0

I'm in trouble in loading Huge data to Bigquery.

In GCS, I have huge & many files like this:

gs://bucket/many_folders/yyyy/mm/dd/many_files.gz

I want to load it to BigQuery, so first, I tried:

bq load --source_format=NEWLINE_DELIMITED_JSON \
  --ignore_unknown_values\
  --max_bad_records=2100000000\
  --nosync\
  project:dataset.table \
  gs://bucket/* \
  schema.txt

which failed because of it exceeded "max_bad_records" limit(the file is an aggregation of many types of log so it causes many errors).

Then I calculated to found that I need to use "*" like:

bq load --source_format=NEWLINE_DELIMITED_JSON \
  --ignore_unknown_values\
  --max_bad_records=2100000000\
  --nosync\
  gs://bucket/many_folders/yyyy/mm/dd/*\
  schema.txt

because of the max_bad_records limitation.

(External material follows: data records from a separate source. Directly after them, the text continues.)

(* Let $\Omega\subset\mathbb{R}^2$ be a bounded domain with area $S_\Omega$, and let $\lambda>0$, $\beta>0$, $\eta>0$. Let $$\mathcal{X}=\mathcal{W}^{1,\infty}_\eta=\{\mu\in W^{1,\infty}(\Omega)\ :\ \|\nabla\mu\|_{L^\infty}<\eta\},$$ equipped with the norm $\|\mu\|_{\mathcal{X}}^2=\int_\Omega\big(|\partial_1\mu|^2+|\partial_2\mu|^2+|\mu|^2\big)\,dx_1dx_2$. Define $\mathrm{R}:\mathcal{X}\to\mathbb{R}$ by $$\mathrm{R}(\mu)=\lambda\int_\Omega\Big(\big|p_1(\mu)\,\partial_1\mu\big|+\big|p_2(\mu)\,\partial_2\mu\big|\Big)\,dx_1dx_2,\qquad p_i(\mu)=\frac{1}{|\partial_i\mu|^2+\beta},\ i=1,2.$$ Then: (1) $\mathrm{R}$ is bounded from below on $\mathcal{X}$ (indeed $\mathrm{R}(\mu)\ge 0$ for all $\mu\in\mathcal{X}$); (2) for every $\delta>0$ there exists $M=M(\delta)>0$ such that $\mathrm{R}(\mu)\le M$ for all $\mu\in\mathcal{X}$ with $\|\mu\|_{\mathcal{X}}\le\delta$; (3) for every $\delta>0$ there exists $L=L(\delta)>0$ such that $|\mathrm{R}(\mu_1)-\mathrm{R}(\mu_2)|\le L\|\mu_1-\mu_2\|_{\mathcal{X}}$ for all $\mu_1,\mu_2\in\mathcal{X}$ with $\max\{\|\mu_1\|_{\mathcal{X}},\|\mu_2\|_{\mathcal{X}}\}\le\delta$.
   Context: $\partial_1,\partial_2$ denote the first-order (weak) partial derivatives in the $x_1$ and $x_2$ directions and $\nabla=(\partial_1,\partial_2)$. The functional $\mathrm{R}$ is the nonlinear weighted anisotropic total variation with weights $p=(p_1(\mu),p_2(\mu))$ depending on $\mu$ itself. *)

theory Defs
  imports "HOL-Analysis.Analysis"
begin

type_synonym pt = "real \<times> real"

definition pd1 :: "(pt \<Rightarrow> real) \<Rightarrow> pt \<Rightarrow> real" where
  "pd1 f x = frechet_derivative f (at x) (1, 0)"

definition pd2 :: "(pt \<Rightarrow> real) \<Rightarrow> pt \<Rightarrow> real" where
  "pd2 f x = frechet_derivative f (at x) (0, 1)"

text \<open>C-infinity functions on R^2: differentiable everywhere, with all partial
  derivatives again C-infinity (greatest fixed point).\<close>
coinductive smooth2 :: "(pt \<Rightarrow> real) \<Rightarrow> bool" where
  "(\<forall>x. f differentiable (at x)) \<Longrightarrow> smooth2 (pd1 f) \<Longrightarrow> smooth2 (pd2 f) \<Longrightarrow> smooth2 f"

definition test_fun :: "pt set \<Rightarrow> (pt \<Rightarrow> real) \<Rightarrow> bool" where
  "test_fun \<Omega> \<phi> \<longleftrightarrow> smooth2 \<phi> \<and> compact (closure {x. \<phi> x \<noteq> 0})
      \<and> closure {x. \<phi> x \<noteq> 0} \<subseteq> \<Omega>"

definition Linf :: "pt set \<Rightarrow> (pt \<Rightarrow> real) \<Rightarrow> bool" where
  "Linf \<Omega> f \<longleftrightarrow> f \<in> borel_measurable (lebesgue_on \<Omega>)
      \<and> (\<exists>C. AE x in lebesgue_on \<Omega>. \<bar>f x\<bar> \<le> C)"

definition weak_pd1 :: "pt set \<Rightarrow> (pt \<Rightarrow> real) \<Rightarrow> (pt \<Rightarrow> real) \<Rightarrow> bool" where
  "weak_pd1 \<Omega> u g \<longleftrightarrow> (\<forall>\<phi>. test_fun \<Omega> \<phi> \<longrightarrow>
      (\<integral>x. u x * pd1 \<phi> x \<partial>lebesgue_on \<Omega>) = - (\<integral>x. g x * \<phi> x \<partial>lebesgue_on \<Omega>))"

definition weak_pd2 :: "pt set \<Rightarrow> (pt \<Rightarrow> real) \<Rightarrow> (pt \<Rightarrow> real) \<Rightarrow> bool" where
  "weak_pd2 \<Omega> u g \<longleftrightarrow> (\<forall>\<phi>. test_fun \<Omega> \<phi> \<longrightarrow>
      (\<integral>x. u x * pd2 \<phi> x \<partial>lebesgue_on \<Omega>) = - (\<integral>x. g x * \<phi> x \<partial>lebesgue_on \<Omega>))"

definition in_W1inf_eta :: "pt set \<Rightarrow> real \<Rightarrow> (pt \<Rightarrow> real) \<Rightarrow> (pt \<Rightarrow> real) \<Rightarrow> (pt \<Rightarrow> real) \<Rightarrow> bool" where
  "in_W1inf_eta \<Omega> \<eta> u g1 g2 \<longleftrightarrow> Linf \<Omega> u \<and> Linf \<Omega> g1 \<and> Linf \<Omega> g2
      \<and> weak_pd1 \<Omega> u g1 \<and> weak_pd2 \<Omega> u g2
      \<and> (\<exists>c<\<eta>. AE x in lebesgue_on \<Omega>. sqrt ((g1 x)\<^sup>2 + (g2 x)\<^sup>2) \<le> c)"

But I found it is very slow(because of pararell-run limitation in BigQuery). And it exceedes daily loading job limitation also. I prefer not doing this option.

Any idea for solving this situation? I want to load this data as fast as I can.

Thank you for reading.

  • You may use [Dataflow](https://cloud.google.com/dataflow/) to read your data from Cloud Storage and load them to BigQuery. You have several examples in how to read from multiple paths here [(1)](https://googlecloud.tips/tips/033-reading-in-multiple-files-with-dataflow.1/), [(2)](https://stackoverflow.com/questions/48700041/how-to-match-multiple-files-with-names-using-textio-read-in-cloud-dataflow/48700475#48700475). – Yurci Jul 17 '18 at 10:29

1 Answers1

0

I solved it by loading GCS data as one column. Then as a next step I parsed the data.